● **Problem requirements**:
Of the entries below, return only those lines from the line with "using prob_space_density_integral[OF _ a_nonneg" to the line with "by (simp add: measure_A", exactly, both included.

___ Materials provided ___

(* Let $\langle \Lambda, \mathcal{S}\rangle$ be a measurable space and let $P_{00}, P_{0+}, P_{+0}, P_{++}$ be four probability measures on it that satisfy the Preparation Uninformativeness Condition, i.e. there is a measure $Q$ dominating all four, with densities $\mu_{xy} = dP_{xy}/dQ$ ($x,y\in\{0,+\}$) such that for all $\lambda\in\Lambda$, $$\mu_{00}(\lambda)\,\mu_{++}(\lambda) = \mu_{0+}(\lambda)\,\mu_{+0}(\lambda).$$ Let $\varepsilon>0$ and suppose there is an $m$-outcome experiment $E$, given by measurable functions $p_k:\Lambda\to[0,1]$, $k\in K$, $|K|=m$, with $\sum_{k\in K}p_k(\lambda)=1$ for all $\lambda$, such that each outcome $k$ is $\varepsilon$-precluded by some $P_{xy}$, i.e. for each $k$ there exist $x,y\in\{0,+\}$ with $\int_\Lambda p_k\,dP_{xy}\le\varepsilon$. Then $$\delta(P_{00},P_{++}) \ge H(P_{00},P_{++})^2 \ge 1-2\sqrt{m\varepsilon}$$ and $$\delta(P_{0+},P_{+0}) \ge H(P_{0+},P_{+0})^2 \ge 1-2\sqrt{m\varepsilon}.$$
   Context: For probability measures $P,P'$ on $\langle\Lambda,\mathcal{S}\rangle$ with densities $p,q$ with respect to a common dominating measure $\nu$: the total variation distance is $\delta(P,P')=\sup_{A\in\mathcal{S}}|P(A)-P'(A)|=1-\int_\Lambda\min(p,q)\,d\nu$, and the Hellinger distance $H(P,P')$ is defined by $H(P,P')^2=\frac12\int_\Lambda(\sqrt p-\sqrt q)^2\,d\nu = 1-\int_\Lambda\sqrt{pq}\,d\nu$. *)

theory Defs
  imports "HOL-Probability.Probability"
begin

definition tv_dist :: "'a measure \<Rightarrow> 'a measure \<Rightarrow> real" where
  "tv_dist P P' = (SUP A\<in>sets P. \<bar>measure P A - measure P' A\<bar>)"

definition hellinger_sq :: "'a measure \<Rightarrow> ('a \<Rightarrow> real) \<Rightarrow> ('a \<Rightarrow> real) \<Rightarrow> real" where
  "hellinger_sq \<nu> p q = 1 - (\<integral>x. sqrt (p x * q x) \<partial>\<nu>)"

end

theory Submission
  imports Defs
begin

text \<open>Total variation dominates the squared Hellinger distance because min(p, q) \<le> sqrt(p q).
  For the Hellinger bound, write T for the sum of the four densities and m = card K. The
  preparation uninformativeness condition makes sqrt(mu00 mupp) = sqrt(mu0p mup0) the geometric
  mean of any single density a with a function below T, so by AM-GM
  sqrt(mu00 mupp) \<le> (t a + T/t)/2 for every t > 0. Splitting the Bhattacharyya integral along the
  outcomes p_k and using, for each k, a density that precludes k gives
  \<integral> sqrt(mu00 mupp) \<le> (m t \<epsilon> + 4/t)/2, which equals 2 sqrt(m \<epsilon>) for t = 2/sqrt(m \<epsilon>).\<close>

lemma sqrt_mult_le_scaled_sum:
  fixes a b c t :: real
  assumes "0 \<le> a" "0 \<le> b" "b \<le> c" "0 < t"
  shows "sqrt (a * b) \<le> (t * a + c / t) / 2"
proof -
  have "sqrt (a * b) = sqrt ((t * a) * (b / t))" using assms by simp
  also have "\<dots> \<le> (t * a + b / t) / 2" using assms by (intro arith_geo_mean_sqrt) auto
  also have "\<dots> \<le> (t * a + c / t) / 2" using assms by (simp add: divide_right_mono)
  finally show ?thesis .
qed

lemma min_le_sqrt_mult:
  fixes a b :: real
  assumes "0 \<le> a" "0 \<le> b"
  shows "min a b \<le> sqrt (a * b)"
proof -
  have "sqrt (min a b * min a b) \<le> sqrt (a * b)"
    using assms by (intro real_sqrt_le_mono mult_mono) auto
  then show ?thesis using assms by simp
qed

lemma integrable_mult_unit_interval:
  fixes f g :: "'a \<Rightarrow> real"
  assumes "integrable M f" "g \<in> borel_measurable M" "\<And>x. x \<in> space M \<Longrightarrow> 0 \<le> g x \<and> g x \<le> 1"
  shows "integrable M (\<lambda>x. g x * f x)"
  using assms by (intro Bochner_Integration.integrable_bound[OF assms(1)] AE_I2)
    (auto simp: abs_mult intro: mult_left_le_one_le)

lemma integral_density_real:
  fixes \<mu> f :: "'a \<Rightarrow> real"
  assumes "\<mu> \<in> borel_measurable M" "\<And>x. x \<in> space M \<Longrightarrow> 0 \<le> \<mu> x" "f \<in> borel_measurable M"
  shows "integral\<^sup>L (density M \<mu>) f = (\<integral>x. f x * \<mu> x \<partial>M)"
  using integral_density[of f M \<mu>] assms by (simp add: mult.commute)

lemma prob_space_density_integral:
  fixes \<mu> :: "'a \<Rightarrow> real"
  assumes "\<mu> \<in> borel_measurable M" "\<And>x. x \<in> space M \<Longrightarrow> 0 \<le> \<mu> x" "prob_space (density M \<mu>)"
  shows "integrable M \<mu>" "integral\<^sup>L M \<mu> = 1"
proof -
  have "integrable (density M \<mu>) (\<lambda>_. 1::real)"
    using assms(3) by (simp add: finite_measure.integrable_const prob_space.finite_measure)
  then show "integrable M \<mu>"
    using assms by (subst (asm) integrable_density) auto
  have "integral\<^sup>L M \<mu> = integral\<^sup>L (density M \<mu>) (\<lambda>_. 1::real)"
    using integral_density_real[OF assms(1,2), of "\<lambda>_. 1"] by simp
  also have "\<dots> = 1"
    using prob_space.prob_space[OF assms(3)] by simp
  finally show "integral\<^sup>L M \<mu> = 1" .
qed

lemma tv_dist_density_ge:
  fixes a b :: "'a \<Rightarrow> real"
  assumes [measurable]: "a \<in> borel_measurable M" "b \<in> borel_measurable M"
    and a_nonneg: "\<And>x. x \<in> space M \<Longrightarrow> 0 \<le> a x"
    and b_nonneg: "\<And>x. x \<in> space M \<Longrightarrow> 0 \<le> b x"
    and prob_a: "prob_space (density M a)" and prob_b: "prob_space (density M b)"
  shows "1 - (\<integral>x. min (a x) (b x) \<partial>M) \<le> tv_dist (density M a) (density M b)"
proof -
  have int_a: "integrable M a" "integral\<^sup>L M a = 1"
    using prob_space_density_integral[OF _ a_nonneg prob_a] by auto
  have int_b: "integrable M b"
    using prob_space_density_integral[OF _ b_nonneg prob_b] by auto
  define A where "A = {x \<in> space M. b x < a x}"
  have A_sets[measurable]: "A \<in> sets M" unfolding A_def by measurable
  have measure_A: "measure (density M f) A = (\<integral>x. f x * indicator A x \<partial>M)"
    if [measurable]: "f \<in> borel_measurable M" and "\<And>x. x \<in> space M \<Longrightarrow> 0 \<le> f x" for f
    using integral_density_real[OF that, of "indicator A"] by (simp add: mult.commute)
  have "measure (density M a) A - measure (density M b) A
      = (\<integral>x. a x * indicator A x - b x * indicator A x \<partial>M)"
    using int_a int_b a_nonneg b_nonneg
    by (simp add: measure_A integrable_real_mult_indicator)
  also have "\<dots> = (\<integral>x. a x - min (a x) (b x) \<partial>M)"
    by (intro Bochner_Integration.integral_cong) (auto simp: A_def indicator_def min_def)
  also have "\<dots> = 1 - (\<integral>x. min (a x) (b x) \<partial>M)"
  proof -
    have "integrable M (\<lambda>x. min (a x) (b x))"
      by (rule Bochner_Integration.integrable_bound[OF int_a(1)])
        (use a_nonneg b_nonneg in auto)
    then show ?thesis using int_a by simp
  qed
  finally have gap: "1 - (\<integral>x. min (a x) (b x) \<partial>M)
      \<le> \<bar>measure (density M a) A - measure (density M b) A\<bar>" by simp
  have "bdd_above ((\<lambda>B. \<bar>measure (density M a) B - measure (density M b) B\<bar>) ` sets (density M a))"
  proof (rule bdd_aboveI2)
    fix B
    have "measure (density M a) B \<le> 1" "measure (density M b) B \<le> 1"
      using prob_space.prob_le_1[OF prob_a] prob_space.prob_le_1[OF prob_b] by auto
    then show "\<bar>measure (density M a) B - measure (density M b) B\<bar> \<le> 1"
      using measure_nonneg[of "density M a" B] measure_nonneg[of "density M b" B] by linarith
  qed
  then show ?thesis
    unfolding tv_dist_def using gap A_sets by (intro cSUP_upper2) auto
qed

lemma hellinger_sq_le_tv_dist:
  fixes a b :: "'a \<Rightarrow> real"
  assumes [measurable]: "a \<in> borel_measurable M" "b \<in> borel_measurable M"
    and a_nonneg: "\<And>x. x \<in> space M \<Longrightarrow> 0 \<le> a x"
    and b_nonneg: "\<And>x. x \<in> space M \<Longrightarrow> 0 \<le> b x"
    and prob_a: "prob_space (density M a)" and prob_b: "prob_space (density M b)"
  shows "hellinger_sq M a b \<le> tv_dist (density M a) (density M b)"
proof -
  have int_a: "integrable M a" and int_b: "integrable M b"
    using prob_space_density_integral(1)[OF _ a_nonneg prob_a]
      prob_space_density_integral(1)[OF _ b_nonneg prob_b] by auto
  have "(\<integral>x. min (a x) (b x) \<partial>M) \<le> (\<integral>x. sqrt (a x * b x) \<partial>M)"
  proof (rule integral_mono)
    show "integrable M (\<lambda>x. min (a x) (b x))"
      by (rule Bochner_Integration.integrable_bound[OF int_a])
        (use a_nonneg b_nonneg in auto)
    show "integrable M (\<lambda>x. sqrt (a x * b x))"
    proof (rule Bochner_Integration.integrable_bound[OF Bochner_Integration.integrable_add[OF int_a int_b]])
      show "AE x in M. norm (sqrt (a x * b x)) \<le> norm (a x + b x)"
        using a_nonneg b_nonneg arith_geo_mean_sqrt by force
    qed measurable
  qed (use a_nonneg b_nonneg min_le_sqrt_mult in auto)
  then show ?thesis
    unfolding hellinger_sq_def using tv_dist_density_ge[OF assms] by linarith
qed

___

● **Solved problem**:
    using prob_space_density_integral[OF _ a_nonneg prob_a] by auto
  have int_b: "integrable M b"
    using prob_space_density_integral[OF _ b_nonneg prob_b] by auto
  define A where "A = {x \<in> space M. b x < a x}"
  have A_sets[measurable]: "A \<in> sets M" unfolding A_def by measurable
  have measure_A: "measure (density M f) A = (\<integral>x. f x * indicator A x \<partial>M)"
    if [measurable]: "f \<in> borel_measurable M" and "\<And>x. x \<in> space M \<Longrightarrow> 0 \<le> f x" for f
    using integral_density_real[OF that, of "indicator A"] by (simp add: mult.commute)
  have "measure (density M a) A - measure (density M b) A
      = (\<integral>x. a x * indicator A x - b x * indicator A x \<partial>M)"
    using int_a int_b a_nonneg b_nonneg
    by (simp add: measure_A integrable_real_mult_indicator)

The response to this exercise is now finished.